Those who have been imprisoned in the concentration camp at Dachau, ten miles from Munich, will not talk. The following account is derived from members of the SS guard revolted by the regime of systematised brutality.
Every Monday, Wednesday and Saturday the grey police van collects the men bound for Dachau from the police prison at Ettstrasse and from the headquarters of the Political Police at Brienerstrasse. On arriving within the walled camp, the men are collected in ranks and called in one after the other to the commandant's office. There they have to give their history. Next, the "bad cases", who are destined for special treatment in the cells near the commandant's headquarters, are separated from the others. Under the shouts of watching SS men the rest follow the storm-trooper in charge of barrack allotment. The prisoners are served out with prison uniform, boots, a black wool cap, covers for their straw mattress and pillow, an old tin bowl, spoon, fork and knife and a loaf of black bread. Thus equipped, they march to their respective barracks; their hair is cut, and camp life begins.
There are ten barracks and No 1 is the worst. Surrounded by barbed wire, it houses the "hopeless" cases, men who have come to the camp for the second time. No 9 is filled with old men and invalids. Jews and "race degraders" have a barrack separated from the other prisoners, so as "not to infect them". Another is allocated solely to arrested emigres, former members of the Nazi Party and homosexuals. No 10 contains a sort of hospital and a small library.

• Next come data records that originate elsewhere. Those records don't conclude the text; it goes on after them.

(* For any state $\rho$ of $A$ and any state $\eta$ of $R$, $$H_{\mathcal{G}(\eta)}(\rho)=H_\eta(\mathcal{G}(\rho))=H_{\mathcal{G}(\eta)}(\mathcal{G}(\rho))=-\log\|\mathcal{G}(\eta)\|_\infty .$$
   Context: $G$ is a compact group with normalized Haar measure $dg$; finite-dimensional systems $A,R$ carry continuous unitary representations $U_A,U_R$. On a single system $\mathcal{G}(M)=\int dg\,U(g)MU(g)^\dagger$; on $RA$, $\mathcal{G}(M)=\int dg\,(U_R(g)\otimes U_A(g))M(U_R(g)\otimes U_A(g))^\dagger$. $H_{\min}(R|A)_\Omega=-\log_2\inf_{X\ge0}\{\mathrm{tr}[X]:\mathbb{1}_R\otimes X\ge\Omega_{RA}\}$, and $H_\eta(\tau):=H_{\min}(R|A)_{\mathcal{G}(\eta\otimes\tau)}$. $\|\cdot\|_\infty$ is the operator norm; logarithms base 2. *)

theory Defs
  imports "HOL-Analysis.Analysis"
begin

text \<open>Finite-dimensional systems: complex matrices indexed by finite types.
  The compact group G is a type 'g of class topological_group_add
  (group law written additively, not assumed commutative).\<close>

definition adj :: "complex^'n^'m \<Rightarrow> complex^'m^'n" where
  "adj M = (\<chi> i j. cnj (M $ j $ i))"

definition mtrace :: "complex^'n^'n \<Rightarrow> complex" where
  "mtrace M = (\<Sum>i\<in>UNIV. M $ i $ i)"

There are about 2,600 prisoners at Dachau. In summer they are awakened at 4am, in winter at 5am, by a siren. They have a quarter of an hour in which to wash, make their beds, put everything in order and await their morning coffee, which is fetched by special men. By 6.30 the barracks have to be cleared. At 6.45 the prisoners (except those in cells) assemble near the entrance gate, in their respective labour groups. The occupants of barrack No 1 leave first for their work. They have permanent hard labour, mostly in the so-called Abbruch-Kommando (breaking down of old buildings) or carrying coal in baskets on their shoulders from a van to the coal store at a distance of about three-quarters of a mile. SS men constantly beat and kick these prisoners, and report them as "saboteurs" if they drop any coal. A prisoner thus reported is usually fastened to a bench; two storm-troopers hold down his shoulders while others beat him with ox-tails.

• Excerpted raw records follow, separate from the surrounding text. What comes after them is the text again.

lemma sum_nn_integral_grid_cells_le_op_norm:
  fixes W :: "real^'n \<Rightarrow> complex^'d^'d"
  assumes Wp: "loc_integrable (\<lambda>x. op_norm (W x) powr p)" and p: "0 < p" and \<delta>: "0 < \<delta>"
    and small: "\<And>k. k \<in> central_indices N \<Longrightarrow> norm (v k) \<le> \<epsilon>"
  shows "(\<Sum>k\<in>central_indices N. \<integral>\<^sup>+x. indicator (grid_cell \<delta> k) x * ennreal (norm (W x *v v k) powr p) \<partial>lborel)
    \<le> ennreal (card (central_indices N :: ('n \<Rightarrow> int) set) * \<epsilon> powr p * op_norm_powr_integral W p (\<delta> * N))"
proof -
  have "(\<Sum>k\<in>central_indices N. \<integral>\<^sup>+x. indicator (grid_cell \<delta> k) x * ennreal (norm (W x *v v k) powr p) \<partial>lborel)
      \<le> (\<Sum>k\<in>central_indices N. ennreal (norm (v k) powr p * op_norm_powr_integral W p (\<delta> * N)))"
    using Wp p \<delta> by (intro sum_mono nn_integral_grid_cell_le_op_norm)
  also have "\<dots> \<le> (\<Sum>k\<in>(central_indices N :: ('n \<Rightarrow> int) set). ennreal (\<epsilon> powr p * op_norm_powr_integral W p (\<delta> * N)))"
    using small p by (intro sum_mono ennreal_leI mult_right_mono powr_mono2 op_norm_powr_integral_nonneg) auto
  also have "\<dots> = ennreal (card (central_indices N :: ('n \<Rightarrow> int) set) * \<epsilon> powr p * op_norm_powr_integral W p (\<delta> * N))"
    by (simp add: ennreal_of_nat_eq_real_of_nat ennreal_mult'' op_norm_powr_integral_nonneg mult.assoc)
  finally show ?thesis .
qed

text \<open>Points outside the cells indexed by \<open>K\<close> lie outside the ball.\<close>

lemma ennreal_norm_diff_grid_step_le:
  fixes A :: "complex^'d^'d" and g :: "real^'n \<Rightarrow> complex^'d" and \<delta> R :: real
  assumes p: "0 < p" and \<delta>: "0 < \<delta>" and K: "K = central_indices \<lceil>R / \<delta>\<rceil>"
  shows "ennreal (norm (A *v (g x - grid_step \<delta> K c' x)) powr p)
    \<le> ennreal (2 powr p) * ((\<Sum>k\<in>K. indicator (grid_cell \<delta> k) x * ennreal (norm (A *v (g x - c k)) powr p))
        + (\<Sum>k\<in>K. indicator (grid_cell \<delta> k) x * ennreal (norm (A *v (c k - c' k)) powr p)))
      + ennreal (norm (A *v (indicator (- ball 0 R) x *\<^sub>R g x)) powr p)"
proof -
  have fin: "finite K"
    by (simp add: K finite_central_indices)
  show ?thesis
  proof (cases "grid_index \<delta> x \<in> K")
    case True
    define k where "k = grid_index \<delta> x"
    have "A *v (g x - c' k) = A *v (g x - c k) + A *v (c k - c' k)"
      by (simp add: matrix_vector_right_distrib[symmetric])
    then have "norm (A *v (g x - c' k)) \<le> norm (A *v (g x - c k)) + norm (A *v (c k - c' k))"
      by (simp add: norm_triangle_ineq)
    then have "ennreal (norm (A *v (g x - c' k)) powr p)
        \<le> ennreal (2 powr p) * (ennreal (norm (A *v (g x - c k)) powr p) + ennreal (norm (A *v (c k - c' k)) powr p))"
      using p by (intro ennreal_powr_le_of_le_add) auto
    moreover have "grid_step \<delta> K c' x = c' k"
      using True by (simp add: grid_step_def sum_grid_cells_scaleR[OF fin] k_def)
    ultimately show ?thesis
      using True by (simp add: sum_grid_cells_mult[OF fin] k_def add_increasing2)
  next
    case False
    then have "x \<notin> ball 0 R"
      using grid_index_in_central_indices[OF \<delta>] K by blast
    moreover have "grid_step \<delta> K c' x = 0"
      using False by (simp add: grid_step_def sum_grid_cells_scaleR[OF fin])
    ultimately show ?thesis
      by simp
  qed
qed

The other prisoners build roads, cut wood, dig drains, erect new barracks, clean the barracks or work at a trade. Work lasts till noon and, after the midday meal, begins again at 2pm. The prisoners return for supper at a quarter past six, and are usually employed on lighter work again from seven to eight. Everybody has to be inside by eight. At 9pm lights are turned out and nobody is allowed to talk. A prisoner who leaves the barrack after this time is shot.
It is while they work that the prisoners are particularly maltreated. "Race degraders" come off worst. They are forced to sing songs like "My Heart is Full of Joy". Then, under some pretext, the storm-troopers kick or hit them. When work begins, the chosen victims are maltreated on the pretext that they are slacking. They have to lie face-downwards in mud or nettles, are kicked ("sex-offenders" especially on the testicles) or prodded with knives. Covered with mud, exhausted, bleeding, they return to the camp, where they are reported for laziness. In the evening they are brought into a special hut and beaten again by a whole troop of SS-men, while sometimes they have to count the blows in a loud voice. If a man is a "race degrader" he is usually locked up after the beating in a dark cell, chained, and kept on bread and water, except every third day.
The prisoners are not allowed to see any relatives or friends, and only in exceptional cases their lawyer. All letters they receive or write are censored. Prisoners are often killed. Recently one man in the cells was beaten by the storm-troopers and subsequently bitten to death by the bloodhounds. Another prisoner was beaten to death by SS men, while one of them burnt the victim in the face with his lighted cigarette.
The uncertainty of the duration of their confinement in Dachau makes many prisoners try to commit suicide. There is no rule: a man found guilty of a trivial offence, but with little influence outside the camp, may stay in Dachau for years.